I first had this problem, when I built 57.0.2 with clang50 (by overwriting the then-default compiler). Now that clang50 is the default, I can not get 57.0.4 to build properly: * clang-devel (6.0.0), clang40, clang39 all fail to compile because of syntax errors (something about Args vs. args, as well as char16_t being a built-in type) * gcc6 and gcc7 compile, but fail to link -- some hideous-looking C++ symbol not found clang50 builds the binary, but it fails to start. Unless I build it without /any/ optimization. I normally use -O2, which crashes. I tried -O1 -- still crashes. Only by setting -O0 can I get a sort-of usable binary (very slow). Will try to upgrade clang -- glad to see, it is not my setup...
(In reply to Mikhail T. from comment #5) > * clang-devel (6.0.0), clang40, clang39 all fail to compile because > of syntax errors (something about Args vs. args, as well as char16_t > being a built-in type) Overriding CC/CXX/CPP on command line may not work, so set those via environment, make.conf or makefile. For one, moz.configure appends -std=gnu99 to CC, -std=gnu++11 to CXX. > * gcc6 and gcc7 compile, but fail to link -- some hideous-looking > C++ symbol not found See bug 221288. Mixing libstdc++ and libc++ isn't currently supported. It only worked somewhat for base libstdc++ because it used libcxxrt. So, to build with lang/gcc* rebuild any dependency that links against libc++.
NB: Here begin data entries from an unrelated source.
(* Let $\alpha\ge1$, $\beta$ odd, and let ${\cal C}=\langle (b\mid 0),(\ell\mid fh+2f)\rangle\subseteq R_{\alpha,\beta}$ be a $\mathbb{Z}_2\mathbb{Z}_4$-additive cyclic code of length $\alpha+\beta$, where $f,h,g\in\mathbb{Z}_4[x]$ with $fhg=x^\beta-1$, $b\in\mathbb{Z}_2[x]$ divides $x^\alpha-1$, and $\ell\in\mathbb{Z}_2[x]/(x^\alpha-1)$. If $g=1$ or $g=x^s-1$ for some positive divisor $s$ of $\beta$, then $\Phi({\cal C})$ is a linear binary code.
   Context: $R_{\alpha,\beta}=\mathbb{Z}_2[x]/(x^\alpha-1)\times\mathbb{Z}_4[x]/(x^\beta-1)$, identified with $\mathbb{Z}_2^\alpha\times\mathbb{Z}_4^\beta$ via coefficient vectors; it is a $\mathbb{Z}_4[x]$-module via $p\star(b\mid a)=(\tilde pb\mid pa)$, $\tilde p$ the reduction of $p$ mod 2. A $\mathbb{Z}_2\mathbb{Z}_4$-additive cyclic code is a $\mathbb{Z}_4[x]$-submodule; $\langle\cdot\rangle$ is the generated submodule. Gray map: for $u'\in\mathbb{Z}_4^n$ with $u'_i=\tilde u'_i+2\hat u'_i$, $\tilde u'_i,\hat u'_i\in\{0,1\}$, $\phi(u')=(\hat u'_0,\dots,\hat u'_{n-1},\tilde u'_0+\hat u'_0,\dots,\tilde u'_{n-1}+\hat u'_{n-1})$, and $\Phi(u\mid u')=(u\mid\phi(u'))\in\mathbb{Z}_2^{\alpha+2\beta}$. Linear means a $\mathbb{Z}_2$-subspace. *)

theory Defs
  imports "HOL-Computational_Algebra.Polynomial" "HOL-Library.Z2" "HOL-Library.Numeral_Type"
begin

(* Z_2 is the type bit, Z_4 is the numeral type 4.
   Integer representative in {0,1,2,3} of an element of Z_4: *)
definition z4_int :: "4 \<Rightarrow> int" where
  "z4_int u = Rep_bit0 u"

definition red2 :: "4 \<Rightarrow> bit" where
  "red2 u = of_int (z4_int u)"

(* cyclic reduction of a polynomial modulo x^n - 1 (canonical representative of degree < n) *)
definition cyc :: "nat \<Rightarrow> 'a::comm_ring_1 poly \<Rightarrow> 'a poly" where
  "cyc n p = (\<Sum>i<n. monom (\<Sum>j\<in>{j. j \<le> degree p \<and> j mod n = i}. coeff p j) i)"

definition R_elems :: "nat \<Rightarrow> nat \<Rightarrow> (bit poly \<times> 4 poly) set" where
  "R_elems \<alpha> \<beta> = {(b, a). cyc \<alpha> b = b \<and> cyc \<beta> a = a}"

definition radd :: "nat \<Rightarrow> nat \<Rightarrow> bit poly \<times> 4 poly \<Rightarrow> bit poly \<times> 4 poly \<Rightarrow> bit poly \<times> 4 poly" where
  "radd \<alpha> \<beta> u v = (cyc \<alpha> (fst u + fst v), cyc \<beta> (snd u + snd v))"

definition smul_R :: "nat \<Rightarrow> nat \<Rightarrow> 4 poly \<Rightarrow> bit poly \<times> 4 poly \<Rightarrow> bit poly \<times> 4 poly" where
  "smul_R \<alpha> \<beta> p u = (cyc \<alpha> (map_poly red2 p * fst u), cyc \<beta> (p * snd u))"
Crashes when built against Clang 5.0.1 appear to be different or maybe it's just because I'm testing bug 223425. More user reports: https://forums.freebsd.org/threads/64014/ https://www.bsdforen.de/threads/firefox57-core-dump-beim-verlassen.34032/ https://twitter.com/garrett_wollman/status/950173333261357056
Rebuilt with clang-5.0.1 and it seems to be working. Definitely beyond the point where it used to crash. Thanks!
(In reply to Mikhail T. from comment #8) > Definitely beyond the point where it used to crash. Thanks! I was too optimistic. The crash is still here. Rebuilding with clang-4.0 (thanks for the instructions!) worked, however...
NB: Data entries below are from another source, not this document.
(* Let $(M,(I,O))$ be a left-connected oriented map and $A=(H,\tau,\alpha)=\Lambda_1(M,(I,O))$. Then $A$ is a plane tree, and $(I,O)$ is the root-to-leaves orientation of $A$ (every non-root vertex of $A$ is incident to exactly one half-edge of $I$).
   Context: Permutations compose right to left. A map is $M=(H,\sigma,\alpha)$, $H$ finite, $\alpha$ a fixed-point-free involution, $\sigma$ a permutation, $\langle\sigma,\alpha\rangle$ transitive, root $r\in H$; vertices, edges, faces are cycles of $\sigma,\alpha,\phi=\sigma\alpha$; genus via $v-e+f=2-2g$; a plane tree is a map with one face and genus $0$. For a permutation $\pi$ and a subset $S$, $\pi_{|S}$ is obtained from the cycles of $\pi$ by erasing elements not in $S$. An orientation is a partition $H=I\uplus O$ with $\alpha(I)=O$. A left-path is a sequence $h_1,\dots,h_k\in I$ such that with $h_0=r$, for each $j$ there is $q_j>0$ with $h_{j-1}=\sigma^{q_j}(\alpha(h_j))$ and $\sigma^p(\alpha(h_j))\in O$ for $0\le p<q_j$; $(M,(I,O))$ is left-connected if every element of $I$ ends some left-path. Unfolding: take new elements $i,o\notin H$, $H'=H\cup\{i,o\}$, $I'=I\cup\{i\}$, $O'=O\cup\{o\}$, $\alpha'$ extending $\alpha$ with $\alpha'(i)=o$. $\sigma'$ is obtained from $\sigma$ by inserting $i$ just before $r$ in its cycle ($\sigma'(\sigma^{-1}(r))=i$, $\sigma'(i)=r$) and $\sigma'(o)=o$. $\pi_\circ=\sigma'_{|I'}$ regarded as a permutation of $H'$ fixing $O'$; $\tau'=\sigma'\pi_\circ^{-1}$; $\tau=\tau'_{|H}$. Then $\Lambda_1(M,(I,O))=(H,\tau,\alpha)$ with root $\tau'(i)$. *)

theory Defs
  imports "HOL-Combinatorics.Combinatorics"
begin

text \<open>Permutations are functions; composition right to left, so the product
  sigma alpha is sigma \<circ> alpha.\<close>

definition ncycles :: "('a \<Rightarrow> 'a) \<Rightarrow> 'a set \<Rightarrow> nat" where
  "ncycles p H = card {orbit p x | x. x \<in> H}"

definition is_map :: "'a set \<Rightarrow> ('a \<Rightarrow> 'a) \<Rightarrow> ('a \<Rightarrow> 'a) \<Rightarrow> bool" where
  "is_map H \<sigma> \<alpha> \<longleftrightarrow> finite H \<and> \<sigma> permutes H \<and> \<alpha> permutes H
     \<and> (\<forall>h\<in>H. \<alpha> h \<noteq> h \<and> \<alpha> (\<alpha> h) = h)
     \<and> (\<forall>x\<in>H. \<forall>y\<in>H. (x, y) \<in> ({(h, \<sigma> h) | h. h \<in> H} \<union> {(h, \<alpha> h) | h. h \<in> H})\<^sup>*)"

definition rooted_map :: "'a set \<Rightarrow> ('a \<Rightarrow> 'a) \<Rightarrow> ('a \<Rightarrow> 'a) \<Rightarrow> 'a \<Rightarrow> bool" where
  "rooted_map H \<sigma> \<alpha> r \<longleftrightarrow> is_map H \<sigma> \<alpha> \<and> r \<in> H"

definition nvertices where "nvertices H \<sigma> \<alpha> = ncycles \<sigma> H"
definition nedges where "nedges H \<sigma> \<alpha> = ncycles \<alpha> H"
definition nfaces where "nfaces H \<sigma> \<alpha> = ncycles (\<sigma> \<circ> \<alpha>) H"

definition has_genus :: "'a set \<Rightarrow> ('a \<Rightarrow> 'a) \<Rightarrow> ('a \<Rightarrow> 'a) \<Rightarrow> nat \<Rightarrow> bool" where
  "has_genus H \<sigma> \<alpha> g \<longleftrightarrow>
     int (nvertices H \<sigma> \<alpha>) - int (nedges H \<sigma> \<alpha>) + int (nfaces H \<sigma> \<alpha>) = 2 - 2 * int g"

definition plane_tree :: "'a set \<Rightarrow> ('a \<Rightarrow> 'a) \<Rightarrow> ('a \<Rightarrow> 'a) \<Rightarrow> 'a \<Rightarrow> bool" where
  "plane_tree H \<sigma> \<alpha> r \<longleftrightarrow> rooted_map H \<sigma> \<alpha> r \<and> nfaces H \<sigma> \<alpha> = 1 \<and> has_genus H \<sigma> \<alpha> 0"

text \<open>Restriction pi_{|S}: erase elements not in S from the cycles of pi;
  regarded as a permutation fixing everything outside S.\<close>
definition restr :: "('a \<Rightarrow> 'a) \<Rightarrow> 'a set \<Rightarrow> 'a \<Rightarrow> 'a" where
  "restr p S x = (if x \<in> S then (p ^^ (LEAST k. 0 < k \<and> (p ^^ k) x \<in> S)) x else x)"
(In reply to Mikhail T. from comment #9) Confirmed that 5.0.1 doesn't help for me either. Going to try your suggestion of 4.0 now.
(In reply to Garrett Wollman from comment #10) Hmmm, actually, I don't see any knobs in ports to select the compiler any more, so I have no idea how I'd even go about doing this. Hopefully someone can come up with a fix that doesn't involve binary patching.
(In reply to Garrett Wollman from comment #11) Also confirming that Jilles' binary patching fix (there's only one byte sequence that matches) appears to work for me.
(In reply to Garrett Wollman from comment #11) I can confirm that building firefox with clang40 fixed this issue for me on stable/10. env CC=clang40 CXX=clang++40 CPP=clang-cpp40 make deinstall install in the firefox port directory did the trick.
Are we sure, this is a bug in clang and not an error in the code? Even if compiler really is at fault, perhaps, we can find the spot in question and rephrase it as a work-around?
(In reply to russo from comment #13) Doesn't help -- my package builds are automated. To make this work I'd need a way to tell bsd.port.mk to use (and build!) clang 4.0 instead of 5.0. Has anyone filed an LLVM bug report for this yet?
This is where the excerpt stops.